Semantic Coding Experiment:

• Method:
o Two Groups : A) Fruit Group B) Profession Group
o Four Trials.
After each trial, ask participants to immediately write down the stimuli.
o Fruit Group presented with the names of 4 fruits on each trial.
o Profession Group presented with the names of 4 professions on trials 1, 2, & 3.
On trial 4, Profession Group presented with the names of four fruits.
• Results:
o Both Fruit Group and Profession Group performed strongly on trial 1.
o Fruit Group performance dropped after the 1st trial, and remained down for remaining trials.
o Profession Group performance dropped after the 1st trial.
On the 4th trial (when presented with the names of fruits) Profession Group's performance increased.
• Conclusion:
o Fruit Group had a strong performance and then dropped because of Proactive Interference.
o Proactive Interference: when information learned previously interacts with learning new information.
o Profession Group had a similar performance until, on the fourth trial when presented with the names of fruits, they were released from proactive interference.

o Participants were semantically coding information. Because:
(1) Profession Group was released from proactive interference when a set of words from a new group was presented, and
(2) because placing words into categories involves the meaning of the words

Working Memory Experiment: How Does Brain Damage to Prefrontal Cortex Affect Memory?

• Method: Delayed Response Task
o Information is provided.
o Brief delay imposed.
o Memory is tested.
Monkeys tested by letting them see where food is being hidden (under one of two cloths.)
Wait 10 seconds.
Monkey looks for reqard under one of the two cloths.
• Results:
o Monkeys with healthy brain performed higher than average for remembering where food was hidden.
o Monkeys with prefrontal cortex removed performed at the level of chance guesses.
• Conclusion:
o The prefrontal cortex is important for holding information for brief periods of time.

Working Memory: Distributed Processing?

o Brain imaging experiments reveal that a large number of brain areas are involved in working memory.
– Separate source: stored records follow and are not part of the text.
(* For every backward trie $\mathsf{T}_b$ with $n$ nodes, over any alphabet, $\mathsf{DAWG}(\mathsf{T}_b)$ has $O(n^2)$ nodes and $O(n^2)$ edges. Moreover, there exist backward tries $\mathsf{T}_b$ with $n$ nodes, for arbitrarily large $n$ and over an alphabet of constant size, such that $\mathsf{DAWG}(\mathsf{T}_b)$ has $\Omega(n^2)$ nodes and $\Omega(n^2)$ edges.
   Context: An alphabet $\Sigma$ is a finite ordered set of characters. A forward trie $\mathsf{T}_f$ is a rooted tree with $n$ nodes in which every edge is directed from parent to child and labeled by a single character of $\Sigma$, such that the edges leaving any node carry pairwise distinct labels. The backward trie $\mathsf{T}_b$ is obtained from $\mathsf{T}_f$ by reversing the direction of every edge while keeping its label; it has the same nodes and root $r$. For nodes $u,v$ with $u$ an ancestor of $v$ (possibly $u=v$), $\mathrm{str}_b(v,u)$ is the string of labels read along the reversed (upward) path from $v$ to $u$. Define $\mathrm{Substr}(\mathsf{T}_b)=\{\mathrm{str}_b(v,u): u \text{ an ancestor of } v\}$. A string $Y\in\mathrm{Substr}(\mathsf{T}_b)$ is left-maximal on $\mathsf{T}_b$ if either there are distinct characters $a\ne b$ with $aY,bY\in\mathrm{Substr}(\mathsf{T}_b)$, or $Y=\mathrm{str}_b(\ell,u)$ for some leaf $\ell$ and some ancestor $u$ of $\ell$. For $Y\in\mathrm{Substr}(\mathsf{T}_b)$ let $\mathrm{lmx}_b(Y)$ be the shortest left-maximal string on $\mathsf{T}_b$ of the form $\gamma Y$ with $\gamma\in\Sigma^*$. Two substrings $Y,Y'$ are equivalent iff $\mathrm{lmx}_b(Y)=\mathrm{lmx}_b(Y')$; let $[Y]$ denote the class of $Y$. $\mathsf{DAWG}(\mathsf{T}_b)$ is the deterministic edge-labeled directed graph whose nodes are the classes $[Y]$, $Y\in\mathrm{Substr}(\mathsf{T}_b)$, with an edge labeled $a\in\Sigma$ from $[Y]$ to $[Ya]$ whenever $Y,Ya\in\mathrm{Substr}(\mathsf{T}_b)$. *)

theory Defs
  imports Complex_Main
begin

text \<open>A (forward) trie over the alphabet of character codes nat is represented
  by the set of its nodes, each node identified with the label string of the path
  from the root to it.  Such a set is finite, contains the root [] and is
  prefix-closed; conversely every trie arises this way (siblings carry distinct
  labels).  A node u is an ancestor of v iff
  v = u @ x, and then str_b(v,u) = rev x.\<close>

definition trie :: "nat list set \<Rightarrow> bool" where
  "trie T \<longleftrightarrow> finite T \<and> [] \<in> T \<and> (\<forall>w a. w @ [a] \<in> T \<longrightarrow> w \<in> T)"

definition Substr_b :: "nat list set \<Rightarrow> nat list set" where
  "Substr_b T = {rev x | u x. u @ x \<in> T}"

definition is_leaf :: "nat list set \<Rightarrow> nat list \<Rightarrow> bool" where
  "is_leaf T l \<longleftrightarrow> l \<in> T \<and> (\<forall>a. l @ [a] \<notin> T)"

definition left_maximal_b :: "nat list set \<Rightarrow> nat list \<Rightarrow> bool" where
  "left_maximal_b T Y \<longleftrightarrow> Y \<in> Substr_b T \<and>
     ((\<exists>a b. a \<noteq> b \<and> a # Y \<in> Substr_b T \<and> b # Y \<in> Substr_b T) \<or>
      (\<exists>l u x. is_leaf T l \<and> l = u @ x \<and> Y = rev x))"

definition lmx_b :: "nat list set \<Rightarrow> nat list \<Rightarrow> nat list" where
  "lmx_b T Y = arg_min length (\<lambda>Z. left_maximal_b T Z \<and> (\<exists>g. Z = g @ Y))"

definition eq_class_b :: "nat list set \<Rightarrow> nat list \<Rightarrow> nat list set" where
  "eq_class_b T Y = {Y' \<in> Substr_b T. lmx_b T Y' = lmx_b T Y}"

definition dawg_nodes :: "nat list set \<Rightarrow> nat list set set" where
  "dawg_nodes T = eq_class_b T ` Substr_b T"

definition dawg_edges :: "nat list set \<Rightarrow> (nat list set \<times> nat \<times> nat list set) set" where
  "dawg_edges T = {(eq_class_b T Y, a, eq_class_b T (Y @ [a])) | Y a.
                     Y \<in> Substr_b T \<and> Y @ [a] \<in> Substr_b T}"

end

theory Submission
  imports Defs "HOL-Library.Sublist"
begin

text \<open>Upper bound: a DAWG node is the class of some substring, and an edge \<open>[Y] \<rightarrow> [Ya]\<close> is
  determined by the substring \<open>Ya\<close>.  In a trie with \<open>n\<close> nodes every node has depth \<open>< n\<close>, so
  each node is the lower end of at most \<open>n\<close> upward paths and there are at most \<open>n\<^sup>2\<close> substrings.

  Lower bound: take the path \<open>0\<^sup>k1\<^sup>k\<close> and hang a leaf labelled \<open>2\<close> below each node
  \<open>0\<^sup>k1\<^sup>i\<close>.  This trie has \<open>\<Theta>(k)\<close> nodes, and each of the \<open>(k+1)\<^sup>2\<close> strings
  \<open>2 1\<^sup>i 0\<^sup>j\<close> (read upward from a leaf) is left-maximal because it starts at a leaf.  A left-maximal
  string is its own \<open>lmx\<^sub>b\<close>, so these strings lie in pairwise distinct classes and are the targets
  of pairwise distinct edges.\<close>

lemma count_list_replicate: "count_list (replicate n x) y = (if x = y then n else 0)"
  by (induction n) auto

lemma trie_prefix_closed:
  assumes "trie T" "w \<in> T" "prefix v w"
  shows "v \<in> T"
proof -
  obtain r where "w = v @ r" using assms(3) prefixE by blast
  have "v @ r \<in> T \<Longrightarrow> v \<in> T"
  proof (induction r rule: rev_induct)
    case (snoc a r)
    then show ?case using assms(1) unfolding trie_def by (metis append_assoc)
  qed simp
  then show ?thesis using assms(2) \<open>w = v @ r\<close> by blast
qed

lemma length_less_card_trie:
  assumes "trie T" "w \<in> T"
  shows "length w < card T"
proof -
  have "set (prefixes w) \<subseteq> T" using trie_prefix_closed[OF assms] by auto
  then have "card (set (prefixes w)) \<le> card T"
    using assms(1) by (intro card_mono) (simp_all add: trie_def)
  then show ?thesis by simp
qed

section \<open>Upper bound\<close>

lemma Substr_b_eq_UN_suffixes: "Substr_b T = (\<Union>w\<in>T. rev ` set (suffixes w))"
  by (auto simp: Substr_b_def suffix_def)

lemma finite_Substr_b: "trie T \<Longrightarrow> finite (Substr_b T)"
  by (simp add: Substr_b_eq_UN_suffixes trie_def)

lemma card_Substr_b_le:
  assumes "trie T"
  shows "card (Substr_b T) \<le> card T ^ 2"
proof -
  have "card (Substr_b T) \<le> (\<Sum>w\<in>T. card (rev ` set (suffixes w)))"
    unfolding Substr_b_eq_UN_suffixes using assms by (intro card_UN_le) (simp add: trie_def)
  also have "\<dots> \<le> (\<Sum>w\<in>T. card T)"
  proof (rule sum_mono)
    fix w assume "w \<in> T"
    have "card (rev ` set (suffixes w)) \<le> Suc (length w)"
      using card_image_le[of "set (suffixes w)" rev] by simp
    then show "card (rev ` set (suffixes w)) \<le> card T"
      using length_less_card_trie[OF assms \<open>w \<in> T\<close>] by simp
  qed
  also have "\<dots> = card T ^ 2" by (simp add: power2_eq_square)
  finally show ?thesis .
qed

definition dawg_edge_of :: "nat list set \<Rightarrow> nat list \<Rightarrow> nat list set \<times> nat \<times> nat list set" where
  "dawg_edge_of T Z = (eq_class_b T (butlast Z), last Z, eq_class_b T Z)"

lemma dawg_edges_subset_image: "dawg_edges T \<subseteq> dawg_edge_of T ` Substr_b T"
  unfolding dawg_edges_def dawg_edge_of_def by (auto intro!: image_eqI)

lemma butlast_in_Substr_b: "Z \<in> Substr_b T \<Longrightarrow> butlast Z \<in> Substr_b T"
proof -
  assume "Z \<in> Substr_b T"
  then obtain u x where "Z = rev x" "u @ x \<in> T" unfolding Substr_b_def by blast
  show ?thesis
  proof (cases x)
    case Nil
    then show ?thesis using \<open>Z \<in> Substr_b T\<close> \<open>Z = rev x\<close> by simp
  next
    case (Cons a x')
    then have "(u @ [a]) @ x' \<in> T" "butlast Z = rev x'"
      using \<open>Z = rev x\<close> \<open>u @ x \<in> T\<close> by simp_all
    then show ?thesis unfolding Substr_b_def by blast
  qed
qed

lemma dawg_edge_of_in_dawg_edges:
  assumes "Z \<in> Substr_b T" "Z \<noteq> []"
  shows "dawg_edge_of T Z \<in> dawg_edges T"
proof -
  obtain Y a where Z: "Z = Y @ [a]" using assms(2) rev_exhaust by blast
  have "Y \<in> Substr_b T" using butlast_in_Substr_b[OF assms(1)] Z by simp
  then show ?thesis using assms(1) Z unfolding dawg_edges_def dawg_edge_of_def by auto
qed

lemma card_dawg_nodes_le_Substr_b:
  "trie T \<Longrightarrow> card (dawg_nodes T) \<le> card (Substr_b T)"
  unfolding dawg_nodes_def by (rule card_image_le) (rule finite_Substr_b)

lemma card_dawg_edges_le_Substr_b:
  assumes "trie T"
  shows "card (dawg_edges T) \<le> card (Substr_b T)"
proof -
  have "finite (dawg_edge_of T ` Substr_b T)" using finite_Substr_b[OF assms] by simp
  then have "card (dawg_edges T) \<le> card (dawg_edge_of T ` Substr_b T)"
    using dawg_edges_subset_image by (rule card_mono)
  also have "\<dots> \<le> card (Substr_b T)" by (rule card_image_le[OF finite_Substr_b[OF assms]])
  finally show ?thesis .
qed

section \<open>Left-maximal strings give distinct nodes and edges\<close>

lemma lmx_b_left_maximal:
  assumes "left_maximal_b T Y"
  shows "lmx_b T Y = Y"
proof -
  let ?P = "\<lambda>Z. left_maximal_b T Z \<and> (\<exists>g. Z = g @ Y)"
  have "?P Y" using assms by auto
  then have "?P (lmx_b T Y)" and "length (lmx_b T Y) \<le> length Y"
    unfolding lmx_b_def using arg_min_nat_lemma[of ?P Y length] by blast+
  then show ?thesis by auto
qed

lemma inj_on_eq_class_b_left_maximal: "inj_on (eq_class_b T) {Y. left_maximal_b T Y}"
proof (rule inj_onI)
  fix Y Y' assume Y: "Y \<in> {Y. left_maximal_b T Y}" and Y': "Y' \<in> {Y. left_maximal_b T Y}"
    and eq: "eq_class_b T Y = eq_class_b T Y'"
  have "Y \<in> eq_class_b T Y" using Y unfolding eq_class_b_def left_maximal_b_def by auto
  then have "lmx_b T Y = lmx_b T Y'" using eq unfolding eq_class_b_def by auto
  then show "Y = Y'" using Y Y' by (simp add: lmx_b_left_maximal)
qed

lemma card_left_maximal_le_dawg_nodes:
  assumes "trie T" "L \<subseteq> {Y. left_maximal_b T Y}"
  shows "card L \<le> card (dawg_nodes T)"
proof -
  have "card L = card (eq_class_b T ` L)"
    using inj_on_subset[OF inj_on_eq_class_b_left_maximal assms(2)] by (simp add: card_image)
  also have "\<dots> \<le> card (dawg_nodes T)"
    unfolding dawg_nodes_def using assms finite_Substr_b
    by (intro card_mono image_mono) (auto simp: left_maximal_b_def)
  finally show ?thesis .
qed

lemma card_left_maximal_le_dawg_edges:
  assumes "trie T" "L \<subseteq> {Y. left_maximal_b T Y}" "[] \<notin> L"
  shows "card L \<le> card (dawg_edges T)"
proof -
  have L_Substr: "L \<subseteq> Substr_b T" using assms(2) by (auto simp: left_maximal_b_def)
  have "inj_on (dawg_edge_of T) L"
    using inj_on_subset[OF inj_on_eq_class_b_left_maximal assms(2)]
    unfolding dawg_edge_of_def inj_on_def by simp
  then have "card L = card (dawg_edge_of T ` L)" by (simp add: card_image)
  also have "\<dots> \<le> card (dawg_edges T)"
  proof (rule card_mono)
    show "finite (dawg_edges T)"
      by (rule finite_surj[OF finite_Substr_b[OF assms(1)] dawg_edges_subset_image])
    show "dawg_edge_of T ` L \<subseteq> dawg_edges T"
      using L_Substr assms(3) dawg_edge_of_in_dawg_edges by blast
  qed
  finally show ?thesis .
qed

lemma left_maximal_b_leaf_suffix: "is_leaf T (u @ x) \<Longrightarrow> left_maximal_b T (rev x)"
  unfolding left_maximal_b_def is_leaf_def Substr_b_def by blast

definition prefix_closure :: "'a list set \<Rightarrow> 'a list set" where
  "prefix_closure W = {v. \<exists>w\<in>W. prefix v w}"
Working Memory Experiment: How does the capacity and efficiency of one's WM correlate with their comprehension, reasoning ability, and intelligence?

• Method:
o Reading Span method: The maximum number of sentences that a person can read while simultaneously holding the last word of each sentence in memory (and here repeating them in order).
Used to measure both storage and processing functions of working memory.

o Measure reading span for 20 individuals.
o Give participants a comprehension test where they answer questions about a paragraph.
o Collect the SAT scores of participants.
• Results:
o Those who had a higher reading span tended to score better on the comprehension test and to have higher SAT scores.
• Conclusion:
o Working memory is associated with comprehension and intelligence.
(larger working memory with more efficient processing, better comprehension ability and higher intelligence.)

Long-Term Memory Experiment: What is the difference between LTM and STM?

• Serial Position Method:
o Read a list of 15 words to participants, read 1 word and wait 2 seconds.
o Without a delay, ask the participants to write down all of the words that they remember in any order.

o Analyze results by plotting the percentage of recall for each word against the words position on the list.
(create a serial position curve)
• Results
o Memory is better for words at the beginning of the list and for words at the end of the list.
(Memory is poor for words at the middle of the list.)
• Conclusion:
o Primacy effect: Superior memory for words at the beginning of the list.
Participants had the chance to rehearse these words and transfer them to LTM.
o Recency Effect: Superior memory for words at the end of the list.
The words at the end of the list are still in the participants STM.